As most loans come from banks, Canadians might not be aware that they are getting ripped off
The lowest mortgage rates offered by the country’s leading banks are uniformly higher-priced than those available from alternative lenders, according to a new analysis by online comparison portal LowestRates.ca.
Combined with the fact that Canada’s “Big Six” banks account for a vast majority of the national mortgage market, the situation is contributing to a significant portion of consumers’ fiscal grief – and they might not even realize it.
“Brokers and smaller lenders often drop their rates first to be more competitive, and banks are slower to implement changes because they know they own the market,” LowestRates.ca CEO and co-founder Justin Thouin said.
“This will only change when Canadians realize they’re being overcharged and begin to shift away from the banks, and that will only happen as we increase awareness about the alternative market. The best deals are found online, not in your family’s legacy bank branch.”

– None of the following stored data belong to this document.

lemma tr2_E3_has_pos_derivative:
  assumes "m3 > 0" "m5 > 0" "m2 > 0"
  defines "K \<equiv> 1 + m3 / m5"
  assumes "discrim (- m2 / K) (m1 + m5 - m4 - m2 / K) (m5 - m4) > 0"
    and "L3 m1 m2 m3 m4 m5 > 0"
  shows "\<exists>d > 0. ((\<lambda>\<mu>. tr2 (cart_jacobian m1 \<mu> m3 m4 m5 (E3 m1 \<mu> m3 m4 m5)))
           has_real_derivative d) (at m2)"
proof -
  define L where "L \<mu> = L3 m1 \<mu> m3 m4 m5" for \<mu>
  define L' where "L' = L m2 * (1 + L m2)
      / (K * sqrt (discrim (- m2 / K) (m1 + m5 - m4 - m2 / K) (m5 - m4)))"
  have "K > 0"
    using assms(1,2) by (simp add: K_def add_pos_pos)
  then have L': "(L has_real_derivative L') (at m2)" "L' > 0"
    using L3_has_real_derivative[OF assms(1,2), of m2 m1 m4] assms(3,5,6)
    by (auto simp: L'_def L_def[abs_def] K_def)
  have "((\<lambda>\<mu>. \<mu> * m3 * m5 * L \<mu>) has_real_derivative m3 * m5 * (L m2 + m2 * L')) (at m2)"
    by (auto intro!: derivative_eq_intros L'(1) simp: algebra_simps)
  from DERIV_diff[OF DERIV_cdivide[OF this] DERIV_const]
  have "((\<lambda>\<mu>. \<mu> * m3 * m5 * L \<mu> / (m3 + m5)\<^sup>2 - m5) has_real_derivative
      m3 * m5 * (L m2 + m2 * L') / (m3 + m5)\<^sup>2) (at m2)"
    by simp
  then have "((\<lambda>\<mu>. tr2 (cart_jacobian m1 \<mu> m3 m4 m5 (E3 m1 \<mu> m3 m4 m5))) has_real_derivative
      m3 * m5 * (L m2 + m2 * L') / (m3 + m5)\<^sup>2) (at m2)"
    using E3_branch[OF assms(1-3) assms(5,6)[unfolded K_def]]
    by (subst DERIV_cong_ev[OF refl _ refl]) (auto simp: L_def elim: eventually_mono)
  moreover have "m3 * m5 * (L m2 + m2 * L') / (m3 + m5)\<^sup>2 > 0"
    using assms(1-3,6) \<open>L' > 0\<close> by (simp add: L_def add_pos_pos)
  ultimately show ?thesis
    by blast
qed

lemma isCont_det2_E3:
  assumes "m3 > 0" "m5 > 0" "m2 \<noteq> 0"
  defines "K \<equiv> 1 + m3 / m5"
  assumes "discrim (- m2 / K) (m1 + m5 - m4 - m2 / K) (m5 - m4) > 0"
    and "L3 m1 m2 m3 m4 m5 > 0"
  shows "isCont (\<lambda>\<mu>. det2 (cart_jacobian m1 \<mu> m3 m4 m5 (E3 m1 \<mu> m3 m4 m5))) m2"
proof -
  have "K > 0"
    using assms(1,2) by (simp add: K_def add_pos_pos)
  have "isCont (\<lambda>\<mu>. L3 m1 \<mu> m3 m4 m5) m2"
    using isCont_L3[OF assms(1-3)] assms(5) by (simp add: K_def)
  then have "isCont (\<lambda>\<mu>. L3 m1 \<mu> m3 m4 m5 * (m1 / (1 + L3 m1 \<mu> m3 m4 m5)\<^sup>2 - \<mu> / K)) m2"
    using assms(6) \<open>K > 0\<close> by (intro continuous_intros) auto
  then show ?thesis
    using assms(2) by (simp add: E3_def det2_cart_jacobian_E3 K_def)
qed
lemma bij_betw_div_mod: "bij_betw (\<lambda>k. (k div d2, k mod d2)) {..<d1 * d2} ({..<d1} \<times> {..<(d2::nat)})"
proof (rule bij_betwI')
  show "(x div d2, x mod d2) = (y div d2, y mod d2) \<longleftrightarrow> x = y" for x y
    by (metis div_mult_mod_eq prod.inject)
  show "(x div d2, x mod d2) \<in> {..<d1} \<times> {..<d2}" if "x \<in> {..<d1 * d2}" for x
    using that div_mod_less_of_less_mult by auto
  show "\<exists>x\<in>{..<d1 * d2}. p = (x div d2, x mod d2)" if p_mem: "p \<in> {..<d1} \<times> {..<d2}" for p
  proof -
    obtain a b where p: "p = (a, b)" "a < d1" "b < d2" using p_mem by blast
    have "a * d2 + b < (a + 1) * d2" using p by simp
    also have "\<dots> \<le> d1 * d2" using p by (intro mult_le_mono1) simp
    finally show ?thesis using p by (intro bexI[of _ "a * d2 + b"]) simp_all
  qed
qed

lemma sum_div_mod: "(\<Sum>k<d1 * d2. h (k div d2) (k mod d2)) = (\<Sum>a<d1. \<Sum>b<(d2::nat). h a b)"
  using sum.reindex_bij_betw[OF bij_betw_div_mod, of "case_prod h"]
  by (simp add: sum.cartesian_product)

definition kron :: "nat \<Rightarrow> nat \<Rightarrow> complex mat \<Rightarrow> complex mat \<Rightarrow> complex mat" where
  "kron d1 d2 A B =
     mat (d1 * d2) (d1 * d2) (\<lambda>(i, j). A $$ (i div d2, j div d2) * B $$ (i mod d2, j mod d2))"

lemma kron_carrier [simp]: "kron d1 d2 A B \<in> carrier_mat (d1 * d2) (d1 * d2)"
  by (simp add: kron_def)

lemma dim_kron [simp]: "dim_row (kron d1 d2 A B) = d1 * d2" "dim_col (kron d1 d2 A B) = d1 * d2"
  by (simp_all add: kron_def)
lemma has_contour_integral_circlepath_Laurent_monomial:
  assumes "G holomorphic_on ball 0 R" "R > 1"
  shows "((\<lambda>u. G u * u ^ m * cnj u ^ n / u) has_contour_integral
          (2 * pi * \<i> * (if m \<le> n then (deriv ^^ (n - m)) G 0 / fact (n - m) else 0))) (circlepath 0 1)"
proof -
  have sub: "cball 0 1 \<subseteq> ball (0::complex) R"
    using assms by auto
  have on_circle: "(if m \<le> n then G u / u ^ Suc (n - m) else G u * u ^ (m - n - 1))
      = G u * u ^ m * cnj u ^ n / u"
    if "u \<in> path_image (circlepath 0 1)" for u
    using that by (intro unit_circle_monomial_eq) (simp add: path_image_circlepath)
  have "((\<lambda>u. if m \<le> n then G u / u ^ Suc (n - m) else G u * u ^ (m - n - 1)) has_contour_integral
          (2 * pi * \<i> * (if m \<le> n then (deriv ^^ (n - m)) G 0 / fact (n - m) else 0))) (circlepath 0 1)"
  proof (cases "m \<le> n")
    case True
    have "continuous_on (cball 0 1) G" "G holomorphic_on ball 0 1"
      using assms sub by (auto intro: holomorphic_on_imp_continuous_on holomorphic_on_subset)
    from Cauchy_has_contour_integral_higher_derivative_circlepath[OF this, of 0 "n - m"]
    show ?thesis
      using True by simp
  next
    case False
    have "((\<lambda>u. G u * u ^ (m - n - 1)) has_contour_integral 0) (circlepath 0 1)"
      using assms sub by (intro Cauchy_theorem_convex_simple[of _ "ball 0 R"] holomorphic_intros)
                         (auto simp: path_image_circlepath)
    then show ?thesis
      using False by simp
  qed
  from has_contour_integral_eq[OF this on_circle] show ?thesis .
qed

lemma toeplitz_contour_integral:
  fixes z :: "nat \<Rightarrow> complex"
  assumes "G holomorphic_on ball 0 R" "R > 1"
  shows "((\<lambda>u. G u * of_real ((cmod (\<Sum>m\<le>N. z m * u ^ m))\<^sup>2) / u) has_contour_integral
          (2 * pi * \<i> * (\<Sum>n\<le>N. \<Sum>m\<le>n. (deriv ^^ (n - m)) G 0 / fact (n - m) * z m * cnj (z n))))
         (circlepath 0 1)"
proof -
  define c where "c n m = (if m \<le> n then (deriv ^^ (n - m)) G 0 / fact (n - m) else 0)" for n m
  have "((\<lambda>u. \<Sum>n\<le>N. \<Sum>m\<le>N. z m * cnj (z n) * (G u * u ^ m * cnj u ^ n / u)) has_contour_integral
        (\<Sum>n\<le>N. \<Sum>m\<le>N. z m * cnj (z n) * (2 * pi * \<i> * c n m))) (circlepath 0 1)"
    unfolding c_def using assms
    by (intro has_contour_integral_sum has_contour_integral_lmul
        has_contour_integral_circlepath_Laurent_monomial) auto
  moreover have "(\<Sum>n\<le>N. \<Sum>m\<le>N. z m * cnj (z n) * (G u * u ^ m * cnj u ^ n / u))
      = G u * of_real ((cmod (\<Sum>m\<le>N. z m * u ^ m))\<^sup>2) / u" for u
  proof -
    have "(\<Sum>n\<le>N. \<Sum>m\<le>N. z m * cnj (z n) * (G u * u ^ m * cnj u ^ n / u))
        = G u / u * (cnj (\<Sum>m\<le>N. z m * u ^ m) * (\<Sum>m\<le>N. z m * u ^ m))"
      by (simp add: sum_product sum_distrib_left cnj_sum mult_ac)
    also have "cnj (\<Sum>m\<le>N. z m * u ^ m) * (\<Sum>m\<le>N. z m * u ^ m)
        = of_real ((cmod (\<Sum>m\<le>N. z m * u ^ m))\<^sup>2)"
      by (metis complex_norm_square mult.commute)
    finally show ?thesis
      by simp
  qed
  moreover have "(\<Sum>m\<le>N. z m * cnj (z n) * (2 * pi * \<i> * c n m))
      = 2 * pi * \<i> * (\<Sum>m\<le>n. (deriv ^^ (n - m)) G 0 / fact (n - m) * z m * cnj (z n))"
    if "n \<le> N" for n
  proof -
    have "(\<Sum>m\<le>N. z m * cnj (z n) * (2 * pi * \<i> * c n m))
        = (\<Sum>m\<le>n. z m * cnj (z n) * (2 * pi * \<i> * c n m))"
      using that by (intro sum.mono_neutral_right) (auto simp: c_def)
    then show ?thesis
      by (simp add: c_def sum_distrib_left mult_ac)
  qed
  ultimately show ?thesis
    by (simp add: sum_distrib_left)
qed

lemma toeplitz_form_nonneg:
  fixes A :: "nat \<Rightarrow> complex" and z :: "nat \<Rightarrow> complex"
  assumes "R > 1" and sums: "\<And>\<zeta>. cmod \<zeta> < R \<Longrightarrow> (\<lambda>k. A k * \<zeta> ^ k) sums G \<zeta>"
    and Re_G: "\<And>u. cmod u = 1 \<Longrightarrow> Re (G u) \<ge> 0"
  shows "Re (\<Sum>n\<le>N. \<Sum>m\<le>n. A (n - m) * z m * cnj (z n)) \<ge> 0"
proof (rule Re_circlepath_integral_nonneg)
  have "R > 0"
    using assms by simp
  from toeplitz_contour_integral[OF powser_sums_on_ball_Taylor(1)[OF this sums] \<open>R > 1\<close>]
  show "((\<lambda>u. G u * of_real ((cmod (\<Sum>m\<le>N. z m * u ^ m))\<^sup>2) / u) has_contour_integral
      (2 * pi * \<i> * (\<Sum>n\<le>N. \<Sum>m\<le>n. A (n - m) * z m * cnj (z n)))) (circlepath 0 1)"
    by (simp add: powser_sums_on_ball_Taylor(2)[OF \<open>R > 0\<close> sums])
  show "Re (u * (G u * of_real ((cmod (\<Sum>m\<le>N. z m * u ^ m))\<^sup>2) / u)) \<ge> 0" if "cmod u = 1" for u
    using Re_G[OF that] that by auto
qed

text \<open>Taylor coefficients of \<open>\<zeta> \<mapsto> bdf2 (\<omega> \<zeta>) powr g - bdf2 x powr g\<close>.\<close>

definition weighted_lcoef :: "real \<Rightarrow> real \<Rightarrow> complex \<Rightarrow> nat \<Rightarrow> complex" where
  "weighted_lcoef g x \<omega> k =
     (if k = 0 then of_real (lcoef g 0 - bdf2 x powr g) else of_real (lcoef g k) * \<omega> ^ k)"
lemma transpose_mult_dims:
  fixes A B :: "'a :: comm_semiring_0 mat"
  assumes "dim_col A = dim_row B"
  shows "(A * B)\<^sup>T = B\<^sup>T * A\<^sup>T"
  using assms by (intro transpose_mult[of A "dim_row A" "dim_col A" B "dim_col B"]) (auto intro: carrier_matI)

lemma mult_mat_vec_zero: "(A :: 'a :: semiring_0 mat) *\<^sub>v 0\<^sub>v (dim_col A) = 0\<^sub>v (dim_row A)"
  by (intro eq_vecI) (auto simp: scalar_prod_def)

lemma scalar_prod_transpose_mult_vec:
  fixes P :: "'a :: comm_semiring_0 mat"
  assumes u: "dim_vec u = dim_row P" and x: "dim_vec x = dim_col P"
  shows "x \<bullet> (P\<^sup>T *\<^sub>v u) = (P *\<^sub>v x) \<bullet> u"
proof -
  have "(P *\<^sub>v x) \<bullet> u = u \<bullet> (P *\<^sub>v x)"
    by (rule comm_scalar_prod[of _ "dim_row P"]) (use u in \<open>auto intro: carrier_vecI\<close>)
  also have "\<dots> = (P\<^sup>T *\<^sub>v u) \<bullet> x"
    by (rule transpose_vec_mult_scalar[symmetric, of P "dim_row P" "dim_col P"])
       (use u x in \<open>auto intro: carrier_vecI carrier_matI\<close>)
  also have "\<dots> = x \<bullet> (P\<^sup>T *\<^sub>v u)"
    by (rule comm_scalar_prod[of _ "dim_col P"]) (use x in \<open>auto intro: carrier_vecI\<close>)
  finally show ?thesis by simp
qed

lemma quadratic_form_congruence:
  fixes C G :: "real mat"
  assumes C: "C \<in> carrier_mat k n" and G: "G \<in> carrier_mat k k" and x: "x \<in> carrier_vec n"
  shows "x \<bullet> ((C\<^sup>T * G * C) *\<^sub>v x) = (C *\<^sub>v x) \<bullet> (G *\<^sub>v (C *\<^sub>v x))"
  using C G x by (simp add: assoc_mult_mat_vec_dims scalar_prod_transpose_mult_vec)

lemma transpose_congruence:
  fixes C G :: "'a :: comm_semiring_0 mat"
  assumes "C \<in> carrier_mat k n" and "G \<in> carrier_mat k k" and "G\<^sup>T = G"
  shows "(C\<^sup>T * G * C)\<^sup>T = C\<^sup>T * G * C"
  using assms by (simp add: transpose_mult_dims assoc_mult_mat_dims)

lemma diag_mat_carrier [simp]: "diag_mat n g \<in> carrier_mat n n"
  unfolding diag_mat_def by auto

lemma dim_diag_mat [simp]: "dim_row (diag_mat n g) = n" "dim_col (diag_mat n g) = n"
  unfolding diag_mat_def by auto

lemma transpose_diag_mat [simp]: "(diag_mat n g)\<^sup>T = diag_mat n g"
  unfolding diag_mat_def by (rule eq_matI) auto

lemma diag_mat_cong: "(\<And>i. i < n \<Longrightarrow> f i = g i) \<Longrightarrow> diag_mat n f = diag_mat n g"
  unfolding diag_mat_def by (rule eq_matI) auto

lemma diag_mat_const: "diag_mat n (\<lambda>_. c) = c \<cdot>\<^sub>m 1\<^sub>m n"
  unfolding diag_mat_def by (rule eq_matI) auto

lemma diag_mat_one: "diag_mat n (\<lambda>_. 1) = 1\<^sub>m n"
  unfolding diag_mat_def by (rule eq_matI) auto

lemma diag_mat_mult_vec:
  assumes "y \<in> carrier_vec n"
  shows "diag_mat n g *\<^sub>v y = vec n (\<lambda>i. g i * y $ i)"
proof (rule eq_vecI)
  fix i assume "i < dim_vec (vec n (\<lambda>i. g i * y $ i))"
  then have i: "i < n" by simp
  have "(diag_mat n g *\<^sub>v y) $ i = (\<Sum>j\<in>{0..<n}. (if i = j then g i else 0) * y $ j)"
    using i assms unfolding diag_mat_def by (auto simp: scalar_prod_def row_def)
  also have "\<dots> = g i * y $ i"
    using i by (simp add: if_distrib[of "\<lambda>a. a * _"] cong: if_cong)
  finally show "(diag_mat n g *\<^sub>v y) $ i = vec n (\<lambda>i. g i * y $ i) $ i" using i by simp
qed (simp add: diag_mat_def)

lemma diag_mat_mult_diag_mat: "diag_mat n f * diag_mat n g = diag_mat n (\<lambda>i. f i * g i)"
proof (rule eq_matI)
  fix i j assume "i < dim_row (diag_mat n (\<lambda>i. f i * g i))" "j < dim_col (diag_mat n (\<lambda>i. f i * g i))"
  then have i: "i < n" and j: "j < n" by auto
  have "(diag_mat n f * diag_mat n g) $$ (i, j) =
      (\<Sum>k\<in>{0..<n}. (if i = k then f i else 0) * (if k = j then g k else 0))"
    using i j unfolding diag_mat_def by (auto simp: scalar_prod_def row_def col_def)
  also have "\<dots> = (\<Sum>k\<in>{0..<n}. if k = i then (if i = j then f i * g i else 0) else 0)"
    by (rule sum.cong) auto
  finally show "(diag_mat n f * diag_mat n g) $$ (i, j) = diag_mat n (\<lambda>i. f i * g i) $$ (i, j)"
    using i j unfolding diag_mat_def by simp
qed simp_all

lemma quadratic_form_diag_mat:
  "y \<in> carrier_vec n \<Longrightarrow> y \<bullet> (diag_mat n g *\<^sub>v y) = (\<Sum>i<n. g i * (y $ i)\<^sup>2)"
  by (simp add: diag_mat_mult_vec scalar_prod_def lessThan_atLeast0 power2_eq_square algebra_simps)

lemma quadratic_form_congruence_diag_mat:
  fixes C :: "real mat"
  assumes "C \<in> carrier_mat k n" and "x \<in> carrier_vec n"
  shows "x \<bullet> ((C\<^sup>T * diag_mat k g * C) *\<^sub>v x) = (\<Sum>i<k. g i * ((C *\<^sub>v x) $ i)\<^sup>2)"
  using assms by (simp add: quadratic_form_congruence quadratic_form_diag_mat)

lemma conjugate_real_vec [simp]: "conjugate (x :: real vec) = x"
  by (rule eq_vecI) auto

lemma scalar_prod_self_nonneg: "0 \<le> (x :: real vec) \<bullet> x"
  using conjugate_square_ge_0_vec[of x] by simp

lemma scalar_prod_self_pos: "(x :: real vec) \<in> carrier_vec n \<Longrightarrow> x \<noteq> 0\<^sub>v n \<Longrightarrow> 0 < x \<bullet> x"
  using conjugate_square_greater_0_vec[of x n] by simp

lemma scalar_prod_self_eq_sum_squares:
  "(y :: real vec) \<in> carrier_vec n \<Longrightarrow> y \<bullet> y = (\<Sum>i<n. (y $ i)\<^sup>2)"
  unfolding scalar_prod_def lessThan_atLeast0 by (auto simp: power2_eq_square)

lemma orthogonal_mat_right_inverse:
  fixes U :: "real mat"
  assumes "U \<in> carrier_mat n n" and "U\<^sup>T * U = 1\<^sub>m n"
  shows "U * U\<^sup>T = 1\<^sub>m n"
  using assms by (intro mat_mult_left_right_inverse[of "U\<^sup>T" n]) auto

lemma orthogonal_mat_mult:
  fixes U V :: "real mat"
  assumes U: "U \<in> carrier_mat n n" "U\<^sup>T * U = 1\<^sub>m n" and V: "V \<in> carrier_mat n n" "V\<^sup>T * V = 1\<^sub>m n"
  shows "(U * V)\<^sup>T * (U * V) = 1\<^sub>m n"
proof -
  have "(U * V)\<^sup>T * (U * V) = V\<^sup>T * ((U\<^sup>T * U) * V)"
    using U(1) V(1) by (simp add: transpose_mult_dims assoc_mult_mat_dims)
  then show ?thesis using U(2) V by simp
qed

lemma scalar_prod_orthogonal_mat:
  fixes U :: "real mat"
  assumes U: "U \<in> carrier_mat n n" "U\<^sup>T * U = 1\<^sub>m n"
    and x: "x \<in> carrier_vec n" and y: "y \<in> carrier_vec n"
  shows "(U\<^sup>T *\<^sub>v x) \<bullet> (U\<^sup>T *\<^sub>v y) = x \<bullet> y"
proof -
  have "y = U *\<^sub>v (U\<^sup>T *\<^sub>v y)"
    using orthogonal_mat_right_inverse[OF U] U y
    by (metis assoc_mult_mat_vec carrier_matD one_mult_mat_vec transpose_carrier_mat)
  then show ?thesis
    using transpose_vec_mult_scalar[OF U(1), of "U\<^sup>T *\<^sub>v y" x] U x y by auto
qed

section \<open>Spectral theorem for real symmetric matrices\<close>

lemma hermitian_form_of_real_symmetric_is_real:
  fixes K :: "real mat" and v :: "complex vec"
  assumes K: "K \<in> carrier_mat n n" "K\<^sup>T = K" and v: "v \<in> carrier_vec n"
  defines "S \<equiv> \<Sum>i<n. cnj (v $ i) * (map_mat complex_of_real K *\<^sub>v v) $ i"
  shows "cnj S = S"
proof -
  have symK: "K $$ (i, j) = K $$ (j, i)" if "i < n" "j < n" for i j
    using K that by (metis carrier_matD index_transpose_mat(1))
  have S: "S = (\<Sum>i<n. \<Sum>j<n. complex_of_real (K $$ (i, j)) * cnj (v $ i) * v $ j)"
    unfolding S_def using K v
    by (auto simp: scalar_prod_def lessThan_atLeast0 sum_distrib_left algebra_simps intro!: sum.cong)
  have "cnj S = (\<Sum>i<n. \<Sum>j<n. complex_of_real (K $$ (i, j)) * v $ i * cnj (v $ j))"
    unfolding S by simp
  also have "\<dots> = (\<Sum>j<n. \<Sum>i<n. complex_of_real (K $$ (i, j)) * v $ i * cnj (v $ j))"
    by (rule sum.swap)
  also have "\<dots> = S"
    unfolding S using symK by (auto simp: algebra_simps intro!: sum.cong)
  finally show ?thesis .
qed

lemma eigenvalue_of_real_symmetric_is_real:
  fixes K :: "real mat"
  assumes K: "K \<in> carrier_mat n n" "K\<^sup>T = K"
    and ev: "eigenvalue (map_mat complex_of_real K) l"
  shows "Im l = 0"
proof -
  obtain v where v: "v \<in> carrier_vec n" "v \<noteq> 0\<^sub>v n"
    and Kv: "map_mat complex_of_real K *\<^sub>v v = l \<cdot>\<^sub>v v"
    using ev K unfolding eigenvalue_def eigenvector_def by auto
  define r where "r = (\<Sum>i<n. (cmod (v $ i))\<^sup>2)"
  have norm_sq: "cnj z * z = complex_of_real ((cmod z)\<^sup>2)" for z
    by (metis complex_norm_square mult.commute of_real_power)
  have "(\<Sum>i<n. cnj (v $ i) * (map_mat complex_of_real K *\<^sub>v v) $ i) = (\<Sum>i<n. l * (cnj (v $ i) * v $ i))"
    unfolding Kv using v by (intro sum.cong) auto
  also have "\<dots> = l * complex_of_real r"
    unfolding r_def norm_sq of_real_sum sum_distrib_left ..
  finally have "cnj (l * complex_of_real r) = l * complex_of_real r"
    using hermitian_form_of_real_symmetric_is_real[OF K v(1)] by metis
  moreover obtain i where "i < n" "v $ i \<noteq> 0"
    using v by (metis eq_vecI carrier_vecD index_zero_vec)
  then have "0 < r" unfolding r_def by (intro sum_pos2[of _ i]) auto
  ultimately have "cnj l = l" by simp
  then show ?thesis by (metis Reals_cnj_iff complex_is_Real_iff)
qed
lemma eig_M0_eq:
  assumes n: "1 < n"
  shows "eig_M0 n = mset (map (lazy_cycle_eigenvalue n (1 / (2 * real n))) [0..<n])
                  + mset (map (lazy_cycle_eigenvalue n (1 / real n)) [0..<n])"
proof -
  let ?A = "cyc_mat n (complex_of_real (1 - 1 / (2 * real n))) (of_real (1 / (2 * real n)))"
  let ?C = "cyc_mat n (complex_of_real (1 / (2 * real n))) (of_real (- 1 / (2 * real n)))"
  let ?D = "cyc_mat n (complex_of_real (1 - 1 / real n)) (of_real (1 / real n))"
  have "map_mat complex_of_real (M0_mat n) = four_block_mat ?A (0\<^sub>m n n) ?C ?D"
    unfolding M0_mat_eq_cyc_mat[OF n]
    by (subst map_four_block_mat[OF cyc_mat_carrier zero_carrier_mat cyc_mat_carrier cyc_mat_carrier])
      (simp only: zero_mat_eq_cyc_mat map_cyc_mat of_real_0)
  moreover have "\<exists>es. char_poly B = (\<Prod>a\<leftarrow>es. [:- a, 1:])" if "B \<in> carrier_mat n n" for B :: "complex mat"
    using char_poly_factorized[OF that] by blast
  ultimately have "char_poly (map_mat complex_of_real (M0_mat n)) = char_poly ?A * char_poly ?D"
    by (intro char_poly_0_block') auto
  moreover have "char_poly ?A \<noteq> 0" "char_poly ?D \<noteq> 0"
    using degree_monic_char_poly[OF cyc_mat_carrier] by (metis one_neq_zero coeff_0)+
  moreover have "complex_of_real (1 / (2 * real n)) \<noteq> 0" "complex_of_real (1 / real n) \<noteq> 0"
    using n by auto
  ultimately show ?thesis
    unfolding eig_M0_def lazy_cycle_eigenvalue_def[abs_def]
    by (simp only: proots_mult proots_char_poly_cyc_mat[OF n] not_False_eq_True)
qed
lemma ab_monomial_0: "ab_monomial 0 0 0 = \<one>\<^bsub>Ab\<^esub>"
proof -
  interpret Ab: comm_group Ab by (rule comm_group_Ab)
  show ?thesis using ab_generators_in_carrier by (simp add: ab_monomial_def)
qed

lemma ab_word_eval: "valid_word w \<Longrightarrow> \<exists>i j. ab (word_eval w) = ab_monomial i j (y_exponent w)"
proof (induction w)
  case Nil
  have "ab (word_eval []) = ab_monomial 0 0 (y_exponent [])"
    by (simp only: word_eval_Nil ab_id ab_monomial_0 y_exponent.simps)
  then show ?case by blast
next
  case (Cons a w)
  obtain l e where a: "a = (l, e)" by fastforce
  have valid: "valid_word [(l, e)]" "valid_word w" using Cons.prems a by (auto simp: valid_word_def)
  obtain i j where ij: "ab (word_eval w) = ab_monomial i j (y_exponent w)"
    using Cons.IH[OF valid(2)] by blast
  obtain i' j' where ij': "ab (letter_eval l e) = ab_monomial i' j' (y_exponent [(l, e)])"
    using ab_letter_eval[OF valid(1)] by blast
  have "ab (word_eval (a # w)) = ab (letter_eval l e) \<otimes>\<^bsub>Ab\<^esub> ab (word_eval w)"
    unfolding a word_eval_Cons using letter_eval_in_G0[OF valid(1)] word_eval_in_G0[OF valid(2)] by (rule ab_comp)
  also have "\<dots> = ab_monomial (i' + i) (j' + j) (y_exponent [(l, e)] + y_exponent w)"
    by (simp add: ij ij' ab_monomial_mult)
  also have "y_exponent [(l, e)] + y_exponent w = y_exponent (a # w)"
    using y_exponent_append[of "[(l, e)]" w] by (simp add: a)
  finally show ?case by blast
qed

section \<open>Germs at the two ends\<close>

text \<open>germ b g p: near the constant sequence b b b ..., g changes the length of the leading block
of b's by p. Through Phi this is translation by p near +\<infinity> (b = True) or by -p near -\<infinity>.\<close>
definition germ :: "bool \<Rightarrow> (seq \<Rightarrow> seq) \<Rightarrow> int \<Rightarrow> bool" where
  "germ b g p \<longleftrightarrow> (\<exists>M. \<forall>N\<ge>M. int N + p \<ge> 0 \<and>
      (\<forall>\<zeta>. g (prepend (replicate N b) \<zeta>) = prepend (replicate (nat (int N + p)) b) \<zeta>))"

lemma germ_id: "germ b id 0"
  unfolding germ_def by auto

Read more: Alternative financing increasingly popular in Ottawa
For instance, in January, RBC cut its 5-year fixed-rate mortgage to 3.74%, but LowestRates.ca found that the best currently available 5-year fixed-rate term in the non-bank lending market boasts of a 3.23% rate.
“The big banks never offer the lowest posted rates on the market, but Canadians aren’t spending enough time researching rates before signing their mortgages, and that’s potentially costing them thousands of dollars a year,” Thouin warned.